Byline: DENNIS HEVESI New York Times
George Page, the creator and resonant on-air voice of the award-winning public television series "Nature," died Wednesday at his home in Equinunk, Pa. He was 71.
The cause was cancer, said Roz Kay, a spokeswoman for Channel 13, the PBS station in New York at which Page worked from 1973 to 1998.
From the ice fields of Greenland to the African savanna, from the Australian outback to the beaches of Polynesia, the tall, sturdily built Page guided viewers to the variety of wildlife: a tiny fig wasp in Central America, a hulking Komodo dragon in Indonesia. From 1982, when "Nature" was first broadcast, until his retirement, Page was the host and narrator of nearly 300 episodes.
In 1987 and 1988, the program received Emmy Awards for outstanding informational series.
"It was George's idea to put on a weekly natural history series where the subject matter was far more esoteric than anything that had ever been on TV," said Fred Kaufman, executive producer of "Na ture" for the last 15 years.
George Henson Page was born on March 31, 1935, in rural Hartwell, Ga., the son of William and Maude Page. His father owned a funeral home, and at 14 Page used his deep voice and his connections to get a job at a local radio station as host of a show called "Obituary Column of the Air."

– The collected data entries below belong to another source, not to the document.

lemma expands_cone_perturbations_reaches_distance:
  fixes \<Phi> :: "real \<Rightarrow> 'a::euclidean_space \<Rightarrow> 'a"
  assumes flow: "is_flow \<Phi>" and mono: "strongly_monotone \<Phi> C"
    and expands: "expands_cone_perturbations \<Phi> C x S \<rho>"
    and y: "y - x \<in> C" "y \<noteq> x" "norm (y - x) \<le> \<rho>"
  shows "\<exists>t\<ge>0. norm (\<Phi> t y - \<Phi> t x) = \<rho>"
proof -
  obtain t1 where "t1 \<ge> 0" "\<rho> \<le> norm (\<Phi> t1 y - \<Phi> t1 x)"
    using expands_cone_perturbations_separates[OF flow mono expands y(1,2)] by blast
  moreover have "norm (\<Phi> 0 y - \<Phi> 0 x) \<le> \<rho>" using flow y(3) unfolding is_flow_def by simp
  moreover have "continuous_on {0..t1} (\<lambda>t. norm (\<Phi> t y - \<Phi> t x))"
    by (intro continuous_intros continuous_on_subset[OF continuous_on_flow_time[OF flow]]) auto
  ultimately show ?thesis using IVT'[of "\<lambda>t. norm (\<Phi> t y - \<Phi> t x)" 0 \<rho> t1] by auto
qed

lemma pseudo_ordered_setI:
  assumes "0 \<le> t1" "0 \<le> t2" "\<Phi> t1 q \<noteq> \<Phi> t2 q" "\<Phi> t1 q - \<Phi> t2 q \<in> C"
  shows "q \<in> pseudo_ordered_set \<Phi> C"
proof -
  have "\<exists>t. \<Phi> t q \<noteq> q" using assms(3) by metis
  with assms show ?thesis unfolding pseudo_ordered_set_def cone_rel_def by blast
qed

lemma strongly_monotone_ordered_nearby:
  fixes \<Phi> :: "real \<Rightarrow> 'a::euclidean_space \<Rightarrow> 'a"
  assumes flow: "is_flow \<Phi>" and mono: "strongly_monotone \<Phi> C"
    and "w - z \<in> C" and "w \<noteq> z"
  obtains \<delta> where "\<delta> > 0"
    and "\<And>a b. dist a z < \<delta> \<Longrightarrow> dist b w < \<delta> \<Longrightarrow> \<Phi> 1 b - \<Phi> 1 a \<in> C \<and> \<Phi> 1 b \<noteq> \<Phi> 1 a"
proof -
  have "\<Phi> 1 w - \<Phi> 1 z \<in> interior C"
    using mono assms(3,4) unfolding strongly_monotone_def cone_rel_def cone_rel_strict_def by simp
  then obtain e where "e > 0" and "ball (\<Phi> 1 w - \<Phi> 1 z) e \<subseteq> interior C"
    using open_interior open_contains_ball by blast
  then have ball: "ball (\<Phi> 1 w - \<Phi> 1 z) e \<subseteq> C" using interior_subset by blast
  have cont: "continuous (at p) (\<Phi> 1)" for p
    using continuous_on_flow_space[OF flow] continuous_on_eq_continuous_at by blast
  obtain d1 where "d1 > 0" and d1: "\<And>b. dist b w < d1 \<Longrightarrow> dist (\<Phi> 1 b) (\<Phi> 1 w) < e/2"
    using cont[of w] \<open>e > 0\<close> unfolding continuous_at_eps_delta by (meson half_gt_zero)
  obtain d2 where "d2 > 0" and d2: "\<And>a. dist a z < d2 \<Longrightarrow> dist (\<Phi> 1 a) (\<Phi> 1 z) < e/2"
    using cont[of z] \<open>e > 0\<close> unfolding continuous_at_eps_delta by (meson half_gt_zero)
  define \<delta> where "\<delta> = min (min d1 d2) (dist w z / 2)"
  have "\<delta> > 0" using \<open>d1 > 0\<close> \<open>d2 > 0\<close> \<open>w \<noteq> z\<close> by (simp add: \<delta>_def)
  moreover have "\<Phi> 1 b - \<Phi> 1 a \<in> C \<and> \<Phi> 1 b \<noteq> \<Phi> 1 a" if "dist a z < \<delta>" "dist b w < \<delta>" for a b
  proof
    have "dist (\<Phi> 1 b - \<Phi> 1 a) (\<Phi> 1 w - \<Phi> 1 z) \<le> dist (\<Phi> 1 b) (\<Phi> 1 w) + dist (\<Phi> 1 a) (\<Phi> 1 z)"
      unfolding dist_norm by (rule order_trans[OF _ norm_triangle_ineq4]) (simp add: algebra_simps)
    also have "\<dots> < e" using d1[of b] d2[of a] that by (simp add: \<delta>_def)
    finally show "\<Phi> 1 b - \<Phi> 1 a \<in> C" using ball by (auto simp: dist_commute)
    have "a \<noteq> b"
    proof
      assume "a = b"
      then have "dist w z \<le> dist b w + dist a z" using dist_triangle3[of w z b] by simp
      moreover have "\<delta> \<le> dist w z / 2" by (simp add: \<delta>_def)
      ultimately show False using that by linarith
    qed
    then show "\<Phi> 1 b \<noteq> \<Phi> 1 a" using flow_inj[OF flow] by metis
  qed
  ultimately show ?thesis using that by blast
qed

lemma ordered_orbits_limit_pair:
  fixes \<Phi> :: "real \<Rightarrow> 'a::euclidean_space \<Rightarrow> 'a" and y :: "nat \<Rightarrow> 'a" and t :: "nat \<Rightarrow> real"
  assumes mono: "strongly_monotone \<Phi> C" and "closed C"
    and bounded: "bounded (forward_orbit \<Phi> x)" and "\<rho> > 0" and y: "\<And>m. y m - x \<in> C"
    and t: "\<And>m. t m \<ge> 0" "\<And>m. norm (\<Phi> (t m) (y m) - \<Phi> (t m) x) = \<rho>"
  obtains r z w where "strict_mono r"
    and "(\<lambda>m. \<Phi> (t (r m)) x) \<longlonglongrightarrow> z" and "(\<lambda>m. \<Phi> (t (r m)) (y (r m))) \<longlonglongrightarrow> w"
    and "w - z \<in> C" and "w \<noteq> z"
proof -
  obtain B where B: "\<And>p. p \<in> forward_orbit \<Phi> x \<Longrightarrow> norm p \<le> B"
    using bounded unfolding bounded_iff by blast
  have orbit: "norm (\<Phi> (t m) x) \<le> B" for m
    using B t(1) unfolding forward_orbit_def by auto
  then have "norm (\<Phi> (t m) (y m)) \<le> B + \<rho>" for m
    using t(2)[of m] norm_triangle_ineq2[of "\<Phi> (t m) (y m)" "\<Phi> (t m) x"] by (smt (verit))
  with orbit have "bounded (range (\<lambda>m. \<Phi> (t m) x))" "bounded (range (\<lambda>m. \<Phi> (t m) (y m)))"
    by (auto intro!: boundedI)
  then obtain r z w where r: "strict_mono r"
    and lim_x: "(\<lambda>m. \<Phi> (t (r m)) x) \<longlonglongrightarrow> z" and lim_y: "(\<lambda>m. \<Phi> (t (r m)) (y (r m))) \<longlonglongrightarrow> w"
    by (rule bounded_pair_convergent_subsequence) (simp add: o_def)
  have "\<Phi> (t m) (y m) - \<Phi> (t m) x \<in> C" for m
    using mono y t(1) unfolding strongly_monotone_def cone_rel_def by blast
  then have "w - z \<in> C"
    by (intro closed_sequentially[OF \<open>closed C\<close> _ tendsto_diff[OF lim_y lim_x]]) simp
  moreover have "norm (w - z) = \<rho>"
    using tendsto_norm[OF tendsto_diff[OF lim_y lim_x]] LIMSEQ_unique[OF _ tendsto_const] t(2) by simp
  ultimately show ?thesis using that r lim_x lim_y \<open>\<rho> > 0\<close> by force
qed

lemma closure_pseudo_ordered_setI:
  fixes \<Phi> :: "real \<Rightarrow> 'a::euclidean_space \<Rightarrow> 'a" and y :: "nat \<Rightarrow> 'a" and t :: "nat \<Rightarrow> real"
  assumes flow: "is_flow \<Phi>" and mono: "strongly_monotone \<Phi> C"
    and y: "y \<longlonglongrightarrow> x" and t: "\<And>m. t m \<ge> 0"
    and lim_x: "(\<lambda>m. \<Phi> (t m) x) \<longlonglongrightarrow> z" and lim_y: "(\<lambda>m. \<Phi> (t m) (y m)) \<longlonglongrightarrow> w"
    and "w - z \<in> C" and "w \<noteq> z"
  shows "x \<in> closure (pseudo_ordered_set \<Phi> C)"
proof -
  obtain \<delta> where "\<delta> > 0" and ordered:
    "\<And>a b. dist a z < \<delta> \<Longrightarrow> dist b w < \<delta> \<Longrightarrow> \<Phi> 1 b - \<Phi> 1 a \<in> C \<and> \<Phi> 1 b \<noteq> \<Phi> 1 a"
    using strongly_monotone_ordered_nearby[OF flow mono \<open>w - z \<in> C\<close> \<open>w \<noteq> z\<close>] by blast
  obtain \<sigma> where "\<sigma> \<ge> 0" and \<sigma>: "dist (\<Phi> \<sigma> x) z < \<delta>/2"
    using lim_x \<open>\<delta> > 0\<close> t unfolding LIMSEQ_def by (metis half_gt_zero order_refl)
  have lim_\<sigma>: "(\<lambda>m. \<Phi> \<sigma> (y m)) \<longlonglongrightarrow> \<Phi> \<sigma> x"
    using continuous_on_tendsto_compose[OF continuous_on_flow_space[OF flow] y] by (simp add: o_def)
  show ?thesis unfolding closure_approachable
  proof (intro allI impI)
    fix \<epsilon> :: real assume "\<epsilon> > 0"
    have "\<forall>\<^sub>F m in sequentially. dist (\<Phi> \<sigma> (y m)) (\<Phi> \<sigma> x) < \<delta>/2
        \<and> dist (\<Phi> (t m) (y m)) w < \<delta> \<and> dist (y m) x < \<epsilon>"
      using tendstoD[OF lim_\<sigma> half_gt_zero[OF \<open>\<delta> > 0\<close>]] tendstoD[OF lim_y \<open>\<delta> > 0\<close>]
        tendstoD[OF y \<open>\<epsilon> > 0\<close>]
      by eventually_elim simp
    then obtain m where m: "dist (\<Phi> \<sigma> (y m)) (\<Phi> \<sigma> x) < \<delta>/2"
        "dist (\<Phi> (t m) (y m)) w < \<delta>" "dist (y m) x < \<epsilon>"
      using eventually_sequentially by auto
    have "dist (\<Phi> \<sigma> (y m)) z < \<delta>"
      using m(1) \<sigma> dist_triangle_half_l[of "\<Phi> \<sigma> (y m)" "\<Phi> \<sigma> x" \<delta> z] by (simp add: dist_commute)
    from ordered[OF this m(2)]
    have "\<Phi> (1 + t m) (y m) - \<Phi> (1 + \<sigma>) (y m) \<in> C" "\<Phi> (1 + t m) (y m) \<noteq> \<Phi> (1 + \<sigma>) (y m)"
      by (simp_all add: flow_add[OF flow])
    then have "y m \<in> pseudo_ordered_set \<Phi> C"
      using t \<open>\<sigma> \<ge> 0\<close> by (intro pseudo_ordered_setI) auto
    with m(3) show "\<exists>q\<in>pseudo_ordered_set \<Phi> C. dist q x < \<epsilon>" by blast
  qed
qed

In 1957, Page graduated from Emory University. Two years later, he was hired by WSB-TV, the NBC affiliate in Atlanta, where he reported on the civil rights movement. He was then promoted to foreign correspondent for NBC News and covered the Vietnam War. In 1968, he directed and narrated "We Won't Go," an examination of the growing resistance to the draft.
In 1972, Page moved to PBS headquarters in Washington, where he worked as assistant to the network's president until joining Channel 13 a year later. There, he served as director of science and natural history programming, supervising shows like "Travels" and "Medicine at the Crossroads."
Page is survived by his companion, Dennis De Stefano.